Yes, that was a digression.
What I am still wondering, however, is why "settling" has no real male counterpart. I asked my husband about it, and he understands and recognizes the term -- but it's a term that women use, and they apply it to other women. So I asked him what the male equivalent was. There was some silence and some thought, and then he admitted that no male equivalent came to mind.
So I asked him why.
He said that men in general don't talk to each other about relationships or relationship issues; they don't talk about their marriages, their wives, or, once they're no longer teenage boys, their sex life. If they're talking about relationship issues, they're almost always talking to women.
So... why is this? Is it just the cultural context, that leftover conditioning that still requires women to be in relationships to be happy? Men are often lonely; is it just the social pressure not to talk about these things that prevents them from entering the same types of conversations, or are these conversations inherently pointless or boring?
no subject
Date: 2008-04-05 05:21 pm (UTC)I did 5 years of psych research with Dr. F. L. Geis on gender/role/status theory at U of DE. In her memory, I just conducted some quick "research" using my brothers/sisters and some of their friends as subjects. My siblings and I span over 25 years in age ranges. Not very scientific, but fun.
I made 28 people sit and read this whole thread using my cooking as a bribe (never ceases to amaze me what I can get folks to do for my chile and guacamole). In a nutshell, here's what I learned by age group:
30's - Women and men both understood the topics discussed, and related on some personal level to the posts contributed. Several women felt the need to emphasize that the whole "settling" concept had been overcome/broken. It was a lively discussion.
20's - Men and women framed their discussion in terms of "things they learned about in school" (i.e. history/social studies classes). It was mainly a discussion about "the past". Men were able to relate on a more current and personal level to the posts, especially the "zero-sum" communication. The only topic the women touched on at a personal level was the ticking baby time clock, and that almost immediately turned into a discussion about medical technology/health, and the differences between now and way back THEN (LOL - I so felt like a dinosaur serving food and drinks at the ripe age of 37 by the end of that night!).

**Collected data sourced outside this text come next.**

text \<open>Choose nonzero \<open>t\<^sub>1, \<dots>, t\<^sub>k\<close> in a prime field of odd characteristic with \<open>t\<^sub>i\<^sup>2 \<noteq> 1\<close>,
  \<open>t\<^sub>i \<noteq> t\<^sub>j\<close> and \<open>t\<^sub>i t\<^sub>j \<noteq> 1\<close>, and put \<open>a\<^sub>i = (t\<^sub>i - t\<^sub>i\<^sup>-\<^sup>1)/2\<close>, \<open>b\<^sub>i = (t\<^sub>i + t\<^sub>i\<^sup>-\<^sup>1)/2\<close>,
  so that \<open>a\<^sub>i\<^sup>2 - b\<^sub>i\<^sup>2 = -1\<close>. Every \<open>A\<^sub>i\<close> is diagonal, and its entry at position \<open>r\<close> is
  \<open>\<lambda>\<^sub>i(r) = 1 \<plusminus> w\<close>: the sign is given by bit \<open>0\<close> of \<open>r\<close>, and \<open>w = t\<^sub>i\<close> or \<open>t\<^sub>i\<^sup>-\<^sup>1\<close> according to
  whether bits \<open>0\<close> and \<open>k+1-i\<close> of \<open>r\<close> agree. At each position the parities are \<open>\<Sum> x\<^sub>i\<close> and
  \<open>\<Sum> \<lambda>\<^sub>i x\<^sub>i\<close> with pairwise distinct nonzero \<open>\<lambda>\<^sub>i\<close>, which makes the code MDS.

  For repair, position \<open>r\<close> is paired with \<open>r' = r xor c\<close> and every surviving node sends one
  linear combination of its two symbols per pair. For systematic node \<open>j\<close> take \<open>c = 2\<^sup>k\<^sup>+\<^sup>1\<^sup>-\<^sup>j\<close>:
  then \<open>\<lambda>\<^sub>i(r') = \<lambda>\<^sub>i(r)\<close> for \<open>i \<noteq> j\<close> but not for \<open>i = j\<close>, so the downloaded pair sums leave two
  independent equations in \<open>x\<^sub>j(r)\<close>, \<open>x\<^sub>j(r')\<close>. For the first parity take \<open>c = 2\<^sup>k\<^sup>+\<^sup>1 - 1\<close>, where
  \<open>\<lambda>\<^sub>i(r) + \<lambda>\<^sub>i(r') = 2\<close>; for the second take \<open>c = 2\<^sup>k\<^sup>+\<^sup>1 - 2\<close>, where \<open>\<lambda>\<^sub>i(r)\<^sup>-\<^sup>1 + \<lambda>\<^sub>i(r')\<^sup>-\<^sup>1 = 1\<close>.\<close>

section \<open>Prime fields on natural numbers\<close>

definition residue_field :: "nat \<Rightarrow> nat ring" where
  "residue_field p = \<lparr>carrier = {..<p}, monoid.mult = (\<lambda>x y. x * y mod p), one = 1,
     ring.zero = 0, ring.add = (\<lambda>x y. (x + y) mod p)\<rparr>"

lemma field_residue_field:
  assumes p: "Factorial_Ring.prime p"
  shows "field (residue_field p)"
proof -
  have "p > 1" using p prime_gt_1_nat by blast
  have F: "field (residue_ring (int p))"
    by (rule residues_prime.is_field) (unfold_locales, rule p)
  have hom: "nat \<in> ring_hom (residue_ring (int p)) (residue_field p)"
    unfolding ring_hom_def residue_ring_def residue_field_def
    using \<open>p > 1\<close> by (auto simp: nat_mod_distrib nat_mult_distrib nat_add_distrib)
  have "bij_betw nat {0..int p - 1} {..<p}"
    unfolding bij_betw_def inj_on_def by (auto simp: image_iff intro!: bexI[where x="int _"])
  with hom have iso: "nat \<in> ring_iso (residue_ring (int p)) (residue_field p)"
    unfolding ring_iso_def residue_ring_def residue_field_def by auto
  have "(residue_field p)\<lparr>zero := nat \<zero>\<^bsub>residue_ring (int p)\<^esub>\<rparr> = residue_field p"
    by (simp add: residue_field_def residue_ring_def)
  then show ?thesis
    using field.ring_iso_imp_img_field[OF F iso] by simp
qed

section \<open>Positions as bit strings\<close>

lemma less_power_iff_not_bit: "(x::nat) < 2 ^ n \<longleftrightarrow> (\<forall>m\<ge>n. \<not> bit x m)"
proof
  assume "x < 2 ^ n"
  then show "\<forall>m\<ge>n. \<not> bit x m"
    by (metis bit_take_bit_iff not_le take_bit_nat_eq_self_iff)
next
  assume "\<forall>m\<ge>n. \<not> bit x m"
  then have "take_bit n x = x"
    by (intro bit_eqI) (auto simp: bit_take_bit_iff not_le)
  then show "x < 2 ^ n"
    using take_bit_nat_eq_self_iff by blast
qed

lemma xor_less_power: "(r::nat) < 2 ^ n \<Longrightarrow> c < 2 ^ n \<Longrightarrow> xor r c < 2 ^ n"
  by (auto simp: less_power_iff_not_bit bit_xor_iff)

lemma Xdiag_power_of_two:
  assumes "i \<le> n"
  shows "Xdiag R (2 ^ n) i r = (if bit r (n - i) then \<ominus>\<^bsub>R\<^esub> \<one>\<^bsub>R\<^esub> else \<one>\<^bsub>R\<^esub>)"
proof -
  have "(2::nat) ^ n div 2 ^ i = 2 ^ (n - i)"
    using assms by (simp add: power_diff)
  then show ?thesis
    unfolding Xdiag_def by (simp add: bit_iff_odd)
qed

lemma involution_transversal:
  fixes \<rho> :: "nat \<Rightarrow> nat" and P :: "nat \<Rightarrow> bool"
  assumes \<rho>_less: "\<And>r. r < N \<Longrightarrow> \<rho> r < N"
    and \<rho>_\<rho>: "\<And>r. r < N \<Longrightarrow> \<rho> (\<rho> r) = r"
    and P_\<rho>: "\<And>r. r < N \<Longrightarrow> P (\<rho> r) \<longleftrightarrow> \<not> P r"
  obtains e where "\<And>t. t < N div 2 \<Longrightarrow> e t < N \<and> P (e t)"
    and "\<And>r. r < N \<Longrightarrow> \<exists>t<N div 2. r = e t \<or> r = \<rho> (e t)"
proof -
  define Rep where "Rep = {r. r < N \<and> P r}"
  have fin: "finite Rep"
    unfolding Rep_def by auto
  have "inj_on \<rho> Rep"
    by (rule inj_on_inverseI[of _ \<rho>]) (simp add: Rep_def \<rho>_\<rho>)
  then have card_image: "card (\<rho> ` Rep) = card Rep"
    by (rule card_image)
  have covers: "r \<in> Rep \<or> \<rho> r \<in> Rep" if "r < N" for r
    using that P_\<rho> \<rho>_less unfolding Rep_def by auto
  have "{..<N} = Rep \<union> \<rho> ` Rep"
  proof (intro equalityI subsetI)
    fix r assume "r \<in> {..<N}"
    then show "r \<in> Rep \<union> \<rho> ` Rep"
      using covers[of r] \<rho>_\<rho>[of r] by (metis UnI1 UnI2 image_eqI lessThan_iff)
  qed (use \<rho>_less in \<open>auto simp: Rep_def\<close>)
  moreover have "Rep \<inter> \<rho> ` Rep = {}"
    using P_\<rho> unfolding Rep_def by auto
  ultimately have "N = card Rep + card (\<rho> ` Rep)"
    using card_Un_disjoint[OF fin finite_imageI[OF fin]] by (metis card_lessThan)
  then have card_Rep: "card Rep = N div 2"
    using card_image by simp
  obtain e where "bij_betw e {0..<card Rep} Rep"
    using ex_bij_betw_nat_finite[OF fin] by blast
  then have e_image: "e ` {..<N div 2} = Rep"
    using card_Rep by (simp add: bij_betw_def atLeast0LessThan)
  show thesis
  proof
    show "e t < N \<and> P (e t)" if "t < N div 2" for t
      using that e_image unfolding Rep_def by auto
    show "\<exists>t<N div 2. r = e t \<or> r = \<rho> (e t)" if "r < N" for r
      using covers[OF that] \<rho>_\<rho>[OF that] e_image by (metis imageE lessThan_iff)
  qed
qed

context ring
begin

lemma finsum_diff:
  assumes "finite A" "f \<in> A \<rightarrow> carrier R" "g \<in> A \<rightarrow> carrier R"
  shows "(\<Oplus>i\<in>A. f i \<ominus> g i) = finsum R f A \<ominus> finsum R g A"
proof -
  have "(\<Oplus>i\<in>A. \<ominus> g i) = (\<Oplus>i\<in>A. \<ominus> \<one> \<otimes> g i)"
    using assms(3) by (intro finsum_cong') (simp_all add: l_minus funcset_mem[OF assms(3)])
  also have "\<dots> = \<ominus> finsum R g A"
    using finsum_rdistr[OF assms(1) _ assms(3), of "\<ominus> \<one>"] assms(3)
    by (simp add: l_minus finsum_closed)
  finally have "(\<Oplus>i\<in>A. \<ominus> g i) = \<ominus> finsum R g A" .
  then show ?thesis
    using finsum_addf[of f A "\<lambda>i. \<ominus> g i"] assms by (simp add: minus_eq Pi_def)
qed

lemma finsum_eq_single:
  assumes "finite A" "j \<in> A" "g \<in> A \<rightarrow> carrier R" "\<And>i. i \<in> A - {j} \<Longrightarrow> g i = \<zero>"
  shows "finsum R g A = g j"
proof -
  have "finsum R g A = finsum R g {j}"
    using add.finprod_mono_neutral_cong_right[of A "{j}" g g] assms by auto
  also have "\<dots> = g j"
    using finsum_insert[of "{}" j g] funcset_mem[OF assms(3,2)] by simp
  finally show ?thesis .
qed

end

context domain
begin

lemma zero_if_sum_and_weighted_sum_zero:
  assumes closed: "x \<in> carrier R" "y \<in> carrier R" "a \<in> carrier R" "b \<in> carrier R"
    and sum: "x \<oplus> y = \<zero>" and weighted: "a \<otimes> x \<oplus> b \<otimes> y = \<zero>" and "a \<noteq> b"
  shows "x = \<zero> \<and> y = \<zero>"
proof -
  have "(a \<ominus> b) \<otimes> x = (a \<otimes> x \<oplus> b \<otimes> y) \<ominus> b \<otimes> (x \<oplus> y)"
    using closed by algebra
  then have "(a \<ominus> b) \<otimes> x = \<zero>"
    using sum weighted closed by simp
  moreover have "a \<ominus> b \<noteq> \<zero>"
    using \<open>a \<noteq> b\<close> closed r_right_minus_eq by blast
  ultimately have "x = \<zero>"
    using closed integral by blast
  then show ?thesis
    using sum closed by simp
qed

lemma one_plus_minus_nonzero:
  assumes "w \<in> carrier R" "w \<otimes> w \<noteq> \<one>"
  shows "\<one> \<oplus> w \<noteq> \<zero>" "\<one> \<ominus> w \<noteq> \<zero>"
proof -
  have "(\<one> \<oplus> w) \<otimes> (\<one> \<ominus> w) = \<one> \<ominus> w \<otimes> w"
    using assms(1) by algebra
  moreover have "\<one> \<ominus> w \<otimes> w \<noteq> \<zero>"
    using assms r_right_minus_eq[of \<one> "w \<otimes> w"] by auto
  ultimately show "\<one> \<oplus> w \<noteq> \<zero>" "\<one> \<ominus> w \<noteq> \<zero>"
    using integral_iff[of "\<one> \<oplus> w" "\<one> \<ominus> w"] assms(1) by auto
qed

end

context field
begin

lemma inv_add_inv_eq_one:
  assumes "x \<in> carrier R" "x \<noteq> \<zero>" "y \<in> carrier R" "y \<noteq> \<zero>" and "x \<oplus> y = x \<otimes> y"
  shows "inv x \<oplus> inv y = \<one>"
proof -
  have units: "x \<in> Units R" "y \<in> Units R"
    using assms field_Units by auto
  then have closed: "inv x \<in> carrier R" "inv y \<in> carrier R"
    by auto
  have "inv x \<oplus> inv y = inv y \<otimes> (inv x \<otimes> x) \<oplus> inv x \<otimes> (inv y \<otimes> y)"
    using units closed by (simp add: add.m_comm)
  also have "\<dots> = (inv x \<otimes> inv y) \<otimes> (x \<oplus> y)"
    using assms(1,3) closed by algebra
  also have "\<dots> = (inv x \<otimes> x) \<otimes> (inv y \<otimes> y)"
    using assms(1,3) closed by (simp only: \<open>x \<oplus> y = x \<otimes> y\<close>) algebra
  also have "\<dots> = \<one>"
    using units by simp
  finally show ?thesis .
qed

end

section \<open>Storage codes\<close>

locale storage_code = ring R for R :: "nat ring" (structure) +
  fixes k N :: nat and A :: "nat \<Rightarrow> nat \<Rightarrow> nat \<Rightarrow> nat"
  assumes A_closed: "\<And>i c r. i \<in> {1..k} \<Longrightarrow> A i c r \<in> carrier R"
begin

abbreviation node :: "nat \<Rightarrow> (nat \<Rightarrow> nat \<Rightarrow> nat) \<Rightarrow> nat \<Rightarrow> nat" where
  "node \<equiv> node_content R k N A"

lemma file_closed: "is_file R k N f \<Longrightarrow> i \<in> {1..k} \<Longrightarrow> r < N \<Longrightarrow> f i r \<in> carrier R"
  unfolding is_file_def by auto

lemma is_file_diff:
  "is_file R k N f \<Longrightarrow> is_file R k N f' \<Longrightarrow> is_file R k N (\<lambda>i r. f i r \<ominus> f' i r)"
  unfolding is_file_def by auto

lemma node_systematic: "j \<in> {1..k} \<Longrightarrow> node j f r = f j r"
  unfolding node_content_def by simp

lemma node_parity1: "node (k+1) f r = (\<Oplus>i\<in>{1..k}. f i r)"
  unfolding node_content_def by simp

lemma node_parity2: "node (k+2) f r = (\<Oplus>i\<in>{1..k}. matT_vec R N (A i) (f i) r)"
  unfolding node_content_def by simp

lemma matT_vec_closed:
  "is_file R k N f \<Longrightarrow> i \<in> {1..k} \<Longrightarrow> matT_vec R N (A i) (f i) r \<in> carrier R"
  unfolding matT_vec_def using A_closed file_closed by (auto intro!: finsum_closed)

lemma node_closed: "is_file R k N f \<Longrightarrow> r < N \<Longrightarrow> node j f r \<in> carrier R"
  using matT_vec_closed file_closed unfolding node_content_def by (auto intro!: finsum_closed)

lemma matT_vec_diff:
  assumes f: "is_file R k N f" and f': "is_file R k N f'" and i: "i \<in> {1..k}"
  shows "matT_vec R N (A i) (\<lambda>c. f i c \<ominus> f' i c) r
    = matT_vec R N (A i) (f i) r \<ominus> matT_vec R N (A i) (f' i) r"
proof -
  have "matT_vec R N (A i) (\<lambda>c. f i c \<ominus> f' i c) r
      = (\<Oplus>c\<in>{..<N}. A i c r \<otimes> f i c \<ominus> A i c r \<otimes> f' i c)"
    unfolding matT_vec_def
  proof (intro finsum_cong')
    fix c assume "c \<in> {..<N}"
    then show "A i c r \<otimes> (f i c \<ominus> f' i c) = A i c r \<otimes> f i c \<ominus> A i c r \<otimes> f' i c"
      using A_closed[OF i] file_closed[OF f i] file_closed[OF f' i] by (simp add: r_minus minus_eq r_distr)
  qed (use A_closed[OF i] file_closed[OF f i] file_closed[OF f' i] in auto)
  also have "\<dots> = matT_vec R N (A i) (f i) r \<ominus> matT_vec R N (A i) (f' i) r"
    unfolding matT_vec_def
    using A_closed[OF i] file_closed[OF f i] file_closed[OF f' i] by (intro finsum_diff) auto
  finally show ?thesis .
qed

lemma node_diff:
  assumes f: "is_file R k N f" and f': "is_file R k N f'" and "r < N"
  shows "node j (\<lambda>i r. f i r \<ominus> f' i r) r = node j f r \<ominus> node j f' r"
proof -
  have "(\<Oplus>i\<in>{1..k}. f i r \<ominus> f' i r) = (\<Oplus>i\<in>{1..k}. f i r) \<ominus> (\<Oplus>i\<in>{1..k}. f' i r)"
    using file_closed[OF f] file_closed[OF f'] \<open>r < N\<close> by (intro finsum_diff) auto
  moreover have "(\<Oplus>i\<in>{1..k}. matT_vec R N (A i) (\<lambda>c. f i c \<ominus> f' i c) r)
    = (\<Oplus>i\<in>{1..k}. matT_vec R N (A i) (f i) r \<ominus> matT_vec R N (A i) (f' i) r)"
    using matT_vec_closed[OF f] matT_vec_closed[OF f']
    by (intro finsum_cong') (auto simp: matT_vec_diff[OF f f'])
  moreover have "\<dots> = (\<Oplus>i\<in>{1..k}. matT_vec R N (A i) (f i) r) \<ominus> (\<Oplus>i\<in>{1..k}. matT_vec R N (A i) (f' i) r)"
    using matT_vec_closed[OF f] matT_vec_closed[OF f'] by (intro finsum_diff) auto
  ultimately show ?thesis
    unfolding node_content_def by simp
qed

11 to 18 - Let me sum it up with few quotes, "What are these people talking about?", "Why is this relevant NOW?", "Do they really still believe this stuff?", "Why does a man have to do the proposing; why can't I propose to someone?" (11 year old girl - from the mouth of babes comes wisdom as always...), and "I don't understand why people used to think these things." I sat back, smiled, and found this the most GLORIOUS evening of all!
Cheers to progress all :)
no subject
Date: 2008-04-06 02:52 am (UTC)Cheers to progress all :)
Thank you so much for sharing this! I think it is a snapshot concept, in that my mother's generation didn't have it so codified, either.